Implicit Differentiation

[dear2009]

Dear MathHelp Participants,


Find dy/dx at the point (0, p/2) on the curve implicitly defined by
cos (pix^3 - y) = xy


This is what I did so far
-sin (3pix^2) = y

but I know I am missing some stuff, could somebody show how to properly setup this derivative.

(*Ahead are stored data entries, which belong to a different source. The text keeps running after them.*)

lemma swp_face_factor:
  assumes "1 \<le> i" "i < n" "1 \<le> j" "j \<le> n"
  shows "\<exists>j' g. 1 \<le> j' \<and> j' \<le> n \<and> smor (n - 1) (n - 1) g \<and>
           (\<forall>x. length x = n - 1 \<longrightarrow> swp i (face j a x) = face j' a (g x))"
proof -
  obtain i0 j0 k where ijk: "i = Suc i0" "j = Suc j0" "n = Suc k"
    using assms by (cases i; cases j; cases n) auto
  consider "j0 < i0" | "j0 = i0" | "j0 = Suc i0" | "Suc i0 < j0" by linarith
  then show ?thesis
  proof cases
    case 1
    then obtain i1 where i1: "i0 = Suc i1" by (cases i0) auto
    have "smor k k (rst k (swp i0))" using assms ijk i1 by (intro smor.ssym) auto
    moreover have "\<forall>x. length x = k \<longrightarrow> swp i (face j a x) = face j a (rst k (swp i0) x)"
      using 1 assms ijk i1 swp_face_before[of j0 i1 _ a] by (simp add: rst_def)
    ultimately show ?thesis using assms ijk by auto
  next
    case 2
    then have "\<forall>x. length x = k \<longrightarrow> swp i (face j a x) = face (Suc j) a (rst k id x)"
      using ijk swp_face_at[of i0 _ a] assms by (simp add: rst_def)
    then show ?thesis using smor.sid[of k] assms ijk 2
      by (intro exI[of _ "Suc j"] exI[of _ "rst k id"]) auto
  next
    case 3
    then have "\<forall>x. length x = k \<longrightarrow> swp i (face j a x) = face i a (rst k id x)"
      using ijk swp_face_at_Suc[of i0 _ a] assms by (simp add: rst_def)
    then show ?thesis using smor.sid[of k] assms ijk
      by (intro exI[of _ i] exI[of _ "rst k id"]) auto
  next
    case 4
    have "smor k k (rst k (swp i))" using assms ijk 4 by (intro smor.ssym) auto
    moreover have "\<forall>x. length x = k \<longrightarrow> swp i (face j a x) = face j a (rst k (swp i) x)"
      using 4 assms ijk swp_face_after[of i0 j0 _ a] by (simp add: rst_def)
    ultimately show ?thesis using assms ijk by auto
  qed
qed

lemma smor_comp_face:
  "smor k n g \<Longrightarrow> 1 \<le> j \<Longrightarrow> j \<le> k \<Longrightarrow>
   \<exists>j' a' g'. 1 \<le> j' \<and> j' \<le> n \<and> smor (k - 1) (n - 1) g' \<and>
     (\<forall>x. length x = k - 1 \<longrightarrow> g (face j a x) = face j' a' (g' x))"
proof (induction arbitrary: j a rule: smor.induct)
  case (sid n)
  then show ?case using smor.sid[of "n - 1"]
    by (intro exI[of _ j] exI[of _ a] exI[of _ "rst (n - 1) id"]) (auto simp: rst_def)
next
  case (sface i n b)
  then have "smor (n - 1) n (rst (n - 1) (face j a))"
    using smor.sface[of j "n - 1" a] by simp
  moreover have "\<forall>x. length x = n - 1 \<longrightarrow> rst n (face i b) (face j a x) = face i b (rst (n - 1) (face j a) x)"
    using sface by (auto simp: rst_def)
  ultimately show ?case using sface by auto
next
  case (ssym i n)
  then obtain j' g where "1 \<le> j'" "j' \<le> n" "smor (n - 1) (n - 1) g"
    "\<forall>x. length x = n - 1 \<longrightarrow> swp i (face j a x) = face j' a (g x)"
    using swp_face_factor[of i n j a] by blast
  then show ?case using ssym by (auto simp: rst_def)
next
  case (scomp m n f k g)
  obtain j1 a1 f' where f': "1 \<le> j1" "j1 \<le> n" "smor (m - 1) (n - 1) f'"
    "\<forall>x. length x = m - 1 \<longrightarrow> f (face j a x) = face j1 a1 (f' x)"
    using scomp.IH(1)[OF scomp.prems] by blast
  obtain j2 a2 g' where g': "1 \<le> j2" "j2 \<le> k" "smor (n - 1) (k - 1) g'"
    "\<forall>y. length y = n - 1 \<longrightarrow> g (face j1 a1 y) = face j2 a2 (g' y)"
    using scomp.IH(2)[OF f'(1,2)] by blast
  have "smor (m - 1) (k - 1) (rst (m - 1) (g' \<circ> f'))" using f'(3) g'(3) by (rule smor.scomp)
  moreover have "\<forall>x. length x = m - 1 \<longrightarrow>
      rst m (g \<circ> f) (face j a x) = face j2 a2 (rst (m - 1) (g' \<circ> f') x)"
    using scomp.prems f'(4) g'(4) smor_length[OF f'(3)] by (auto simp: rst_def)
  ultimately show ?case using g'(1,2) by blast
qed
(* Let $S\subseteq N$ be a maximal $1$-switchable set. Then for all $a\in S$ and all $b\in N$, ${\rm s}(1,a,b)\in S$; that is, every element of $N$ that differs from an element of $S$ in at most the first component is also in $S$.
   Context: Fix positive integers $n, r_1,\dots,r_n$, let $N=[r_1]\times\cdots\times[r_n]$, and let $R$ be the polynomial ring over a field in the variables $x_a$, $a\in N$. For $a,b\in N$ and $i\in[n]$, ${\rm s}(i,a,b)\in N$ has $i$-th component $b_i$ and other components equal to those of $a$. Let $d(a,b)=\#\{j: a_j\neq b_j\}$ and $f_{i,a,b}=x_ax_b-x_{{\rm s}(i,a,b)}x_{{\rm s}(i,b,a)}$. A subset $S\subseteq N$ is $1$-switchable if for all $a,b\in S$ with $d(a,b)=2$, ${\rm s}(1,a,b)\in S$. Elements $a,b\in S$ are connected in $S$ if there are $a_0=a,\dots,a_k=b$ in $S$ with $d(a_{j-1},a_j)\le 1$ for all $j$. For $1$-switchable $S$: $\tilde{\mathcal{I}}^{\langle 1\rangle}_S=(f_{1,a,b}: a,b \text{ connected in } S)$, $\mathrm{Var}^{\langle 1\rangle}_S=(x_a: a\notin S)$, $P^{\langle 1\rangle}_S=\mathrm{Var}^{\langle 1\rangle}_S+\tilde{\mathcal{I}}^{\langle 1\rangle}_S$. A $1$-switchable $S$ is maximal $1$-switchable if for every $1$-switchable $T$ properly containing $S$, $P^{\langle 1\rangle}_S$ and $P^{\langle 1\rangle}_T$ are incomparable under inclusion. *)

theory Defs
  imports "HOL-Library.Poly_Mapping"
begin

text \<open>Component i of the paper
 is list index i-1, so the "first component" is index 0.\<close>

definition gridN :: "nat list \<Rightarrow> nat list set" where
  "gridN r = {a. length a = length r \<and> (\<forall>j<length r. 1 \<le> a ! j \<and> a ! j \<le> r ! j)}"

definition sw :: "nat \<Rightarrow> nat list \<Rightarrow> nat list \<Rightarrow> nat list" where
  "sw i a b = a[i := b ! i]"

definition dist_h :: "nat list \<Rightarrow> nat list \<Rightarrow> nat" where
  "dist_h a b = card {j. j < length a \<and> a ! j \<noteq> b ! j}"

definition one_switchable :: "nat list \<Rightarrow> nat list set \<Rightarrow> bool" where
  "one_switchable r S \<longleftrightarrow> S \<subseteq> gridN r \<and>
     (\<forall>a\<in>S. \<forall>b\<in>S. dist_h a b = 2 \<longrightarrow> sw 0 a b \<in> S)"

definition connected_in :: "nat list set \<Rightarrow> nat list \<Rightarrow> nat list \<Rightarrow> bool" where
  "connected_in S a b \<longleftrightarrow> a \<in> S \<and> b \<in> S \<and>
     (\<lambda>x y. x \<in> S \<and> y \<in> S \<and> dist_h x y \<le> 1)\<^sup>*\<^sup>* a b"

text \<open>The polynomial ring R = k[x_a : a \<in> N], as polynomials (finitely supported maps from
 monomials to coefficients) all of whose monomials only involve variables from N.\<close>
type_synonym 'k mpoly = "(nat list \<Rightarrow>\<^sub>0 nat) \<Rightarrow>\<^sub>0 'k"

definition polyRing :: "nat list \<Rightarrow> ('k::field) mpoly set" where
  "polyRing r = {p. \<forall>m \<in> Poly_Mapping.keys p. Poly_Mapping.keys m \<subseteq> gridN r}"

definition var :: "nat list \<Rightarrow> ('k::field) mpoly" where
  "var a = Poly_Mapping.single (Poly_Mapping.single a 1) 1"

definition ideal_gen :: "nat list \<Rightarrow> ('k::field) mpoly set \<Rightarrow> 'k mpoly set" where
  "ideal_gen r G = {(\<Sum>g\<in>F. c g * g) | F c. finite F \<and> F \<subseteq> G \<and> (\<forall>g\<in>F. c g \<in> polyRing r)}"

definition f_bin :: "nat \<Rightarrow> nat list \<Rightarrow> nat list \<Rightarrow> ('k::field) mpoly" where
  "f_bin i a b = var a * var b - var (sw i a b) * var (sw i b a)"

definition P_ideal :: "'k itself \<Rightarrow> nat list \<Rightarrow> nat list set \<Rightarrow> ('k::field) mpoly set" where
  "P_ideal _ r S = ideal_gen r ({var a | a. a \<in> gridN r \<and> a \<notin> S}
                               \<union> {f_bin 0 a b | a b. connected_in S a b})"

definition maximal_one_switchable :: "('k::field) itself \<Rightarrow> nat list \<Rightarrow> nat list set \<Rightarrow> bool" where
  "maximal_one_switchable K r S \<longleftrightarrow> one_switchable r S \<and>
     (\<forall>T. one_switchable r T \<and> S \<subset> T \<longrightarrow>
        \<not> (P_ideal K r S \<subseteq> P_ideal K r T) \<and> \<not> (P_ideal K r T \<subseteq> P_ideal K r S))"

end

theory Submission
  imports Defs
begin

text \<open>Let T be the set of grid points that agree with some point of S outside the first
coordinate. T is trivially 1-switchable and contains S. A path in T with endpoints in S
descends to a path in S: consecutive points of T lie over points of S differing in at most
two coordinates, one of them the first, and these are joined inside S through the switch
that S is closed under. Hence every binomial generator of P_T lies in P_S: either its
monomials involve a variable outside S, or it is (up to sign) a binomial of two points of S
connected in S. So P_T \<subseteq> P_S, and maximality forces T = S.\<close>

lemma polyRing_add:
  assumes "p \<in> polyRing r" and "q \<in> polyRing r"
  shows "p + q \<in> polyRing r"
  unfolding polyRing_def
proof (intro CollectI ballI)
  fix m assume "m \<in> Poly_Mapping.keys (p + q)"
  then have "m \<in> Poly_Mapping.keys p \<or> m \<in> Poly_Mapping.keys q"
    using keys_add[of p q] by blast
  then show "Poly_Mapping.keys m \<subseteq> gridN r" using assms unfolding polyRing_def by blast
qed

Thanks in advance.

 

[soroban]

Hello, dear2009!

$\displaystyle \text{Find }\frac{dy}{dx}\text{ at the point }\left(0,\:\frac{\pi}{2}\right)\text{ on the curve implicitly defined by:}$

. . $\displaystyle \cos (\pi x^3 - y) \:=\: xy$


$\displaystyle \text{This is what I did so far: }\;-\sin (3\pi x^2) \:=\: y$

but I know I am missing some stuff . . .
. . . Yeah, like ALL of implicit differentiation

$\displaystyle \text{Differentiate implicitly: }\;-\sin(\pi x^3-y)\cdot\!\left(3\pi x^2 - \frac{dy}{dx}\right) \;=\;x\!\cdot\!\frac{dy}{dx} + 1\!\cdot\!y$

. . $\displaystyle -3\pi x^2\sin(\pi x^3-y) + \sin(\pi x^3-y)\!\cdot\!\frac{dy}{dx} \;=\;x\!\cdot\!\frac{dy}{dx} + y$

. . $\displaystyle \sin(\pi x^3-y)\!\cdot\!\frac{dy}{dx} - x\!\cdot\!\frac{dy}{dx} \;=\;3\pi x^2\sin(\pi x^3-y) + y$

. . $\displaystyle \bigg[\sin(\pi x^3-y) - x\bigg]\!\cdot\!\frac{dy}{dx} \;=\;3\pi x^2\sin(\pi x^3-y) + y$

. . $\displaystyle \boxed{\frac{dy}{dx} \;=\;\frac{3\pi x^2\sin(\pi x^3-y) + y}{\sin(\pi x^3 - y) - x}}$



$\displaystyle \text{At }\left(0,\:\frac{\pi}{2}\right)\!:\;\;\frac{dy}{dx} \;=\;\frac{\overbrace{3\pi(0^2)\sin(0- \tfrac{\pi}{2})}^{\text{This is 0}} + \dfrac{\pi}{2}} {\underbrace{\sin(0 - \tfrac{\pi}{2})}_{\text{This is -1}} - 0} \;=\;\frac{\frac{\pi}{2}}{\text{-}1} \;=\;-\frac{\pi}{2}$